SUMMARY/ABSTRACT
Ovarian cancer is the most lethal gynecologic malignancy and is frequently diagnosed at an advanced-stage.
One of the most aggressive types of ovarian cancer is epithelial ovarian cancer (EOC) and 5-year survival is less
than 20%. In recent years, PARP inhibitors (PARPi) has shown impressive therapeutic efficacy as both
maintenance therapy and in recurrent setting. However, since the wide application of PARPi, patients ultimately
develop drug resistance to PARPi which leaves them with few treatment options. Thus, the development of novel
therapies to overcome PAPRi resistance represents an urgent unmet medical need. The PARPi-resistant
patients often have enriched cancer stem cells (CSCs) with enhanced pro-survival and self-renewal capacity.
Evidence demonstrations that EOC CSCs are responsible for primary tumor growth, metastasis, disease relapse
and resistance to chemotherapy, suggesting CSC is an attractive target for eradicating EOC. Our long-term goal
is to identify new targets for development of less toxic and more effective therapies by eliminating this cell
population. Apolipoprotein B mRNA editing enzyme catalytic polypeptide-like 3 (APOBEC3) proteins are a family
of DNA deaminase that catalyze cytidine to uridine (C-to-U) on single-strand DNA. This important DNA
modification is abundant in a wide array of cancer types and represent the only enzymatic source of mutations.
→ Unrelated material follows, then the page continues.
(* Let $\rho\colon\mathrm{Isom}(\mathbf H^1_{\mathbb C})_o\to\mathrm{Isom}(\mathbf H^\infty_{\mathbb C})_o$ be the complexification of an irreducible representation $\mathrm{Isom}(\mathbf H^1_{\mathbb C})_o\to\mathrm{Isom}(\mathbf H^\infty_{\mathbb R})_o$. Then $\mathrm{Im}\,K(b)=0$ for every $b\in\mathbb R$.
   Context: $\mathbf H^\infty_{\mathbb R}$ is defined from a real separable Hilbert space $\mathcal H_{\mathbb R}$ with a strongly non-degenerate symmetric bilinear form of signature $(1,\infty)$, and its isometries are induced by $O(1,\infty)$; a representation into $\mathrm{Isom}(\mathbf H^\infty_{\mathbb R})$ is a homomorphism into $O(1,\infty)$ acting on $\mathcal H_{\mathbb R}$; its complexification is the induced action on $\mathcal H=\mathcal H_{\mathbb R}\otimes\mathbb C$ with the sesquilinear extension $B$ of the form, giving a representation into $U(B)$ and hence into $\mathrm{Isom}(\mathbf H^\infty_{\mathbb C})_o$ where $\mathbf H^\infty_{\mathbb C}=\{[v]:B(v,v)>0\}$ (and this complexification is non-elementary). Representations are orbitally continuous homomorphisms; irreducible = no fixed point in the space or its boundary, no invariant pair of boundary points, and no proper invariant hyperbolic subspace. $\mathbf H^1_{\mathbb C}$: $\mathbb C^2$ with $B(z,w)=z_1\bar w_1-z_2\bar w_2$, $\xi_{1,2}=(e_1\pm e_2)/\sqrt2$; $g(\lambda,b)\in SU(1,1)$ has matrix $\begin{pmatrix}\lambda&ib\\0&\lambda^{-1}\end{pmatrix}$ in basis $(\xi_1,\xi_2)$. For non-elementary $\rho$ into $\mathrm{Isom}(\mathbf H^\infty_{\mathbb C})_o$: $\eta_1$ = unique common fixed boundary point of the $\rho(g(\lambda,b))$, $\eta_2$ = other endpoint of the common axis of the $\rho(g(\lambda,0))$, $\lambda\neq1$; isotropic representatives with $B(\eta_1,\eta_2)=1$; $E=\eta_1^\perp\cap\eta_2^\perp$; the lift $T_b\in U(B)$ of $\rho(g(1,b))$ with $T_b\eta_1=\eta_1$ satisfies $T_b\eta_2=K(b)\eta_1+\eta_2+c(b)$, $K(b)\in\mathbb C$, $c(b)\in E$ (the paper writes $\Delta(b)=\mathrm{Im}K(b)$). *)

theory Defs
  imports "HOL-Analysis.Analysis"
begin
We discovered that APOBEC3B (A3B) is the main DNA mutators in EOC CSC. The C-to-U DNA mutation activity
and A3B expression is reduced in EOC CSCs compared to non-CSCs. Importantly, inhibition of A3B leads to
PARPi resistance, elevated frequency of CSCs, and enhanced expression of stemness factor SOX2. These
novel insights raise the possibility that A3B activation may sensitize EOC CSCs to PARPi. Our central hypothesis
is that EOC CSCs maintain low level of A3B in order to avoid excess DNA damage thereby counters the effect
of PARPi. The overall goal of this study is to dissect the mechanism through which A3B and DNA deamination
regulates CSC maintenance and promote response to PARPi in EOC CSC. We will address our hypothesis in
two specific aims: 1) Determine if modified A3B activity will sensitize CSCs to combination therapy with PARPi,
2) Identify the novel mechanisms by which A3B regulates response to PARP inhibitor in EOC CSCs. We will
perform A3B overexpression studies in patient-derived organoid models and comprehensively evaluate changes
in EOC CSC functions and the response to PARPi. Mechanistically, we will assess DNA damage pathways,
chromosomal abnormalities, and ssDNA break levels in CSCs that overexpress A3B alone and in combination
treatment with PARPi. In addition, the molecular mechanism of how A3B regulates CSC’s response to PARPi
will also be examined. This innovative study will improve our understanding of how A3B sensitize EOC CSCs to
PARPi by promoting DNA damage and uncover valuable novel therapeutic targets to preventing ovarian cancer
relapse. These mechanisms may be broadly applicable to other CSC-driven malignancies.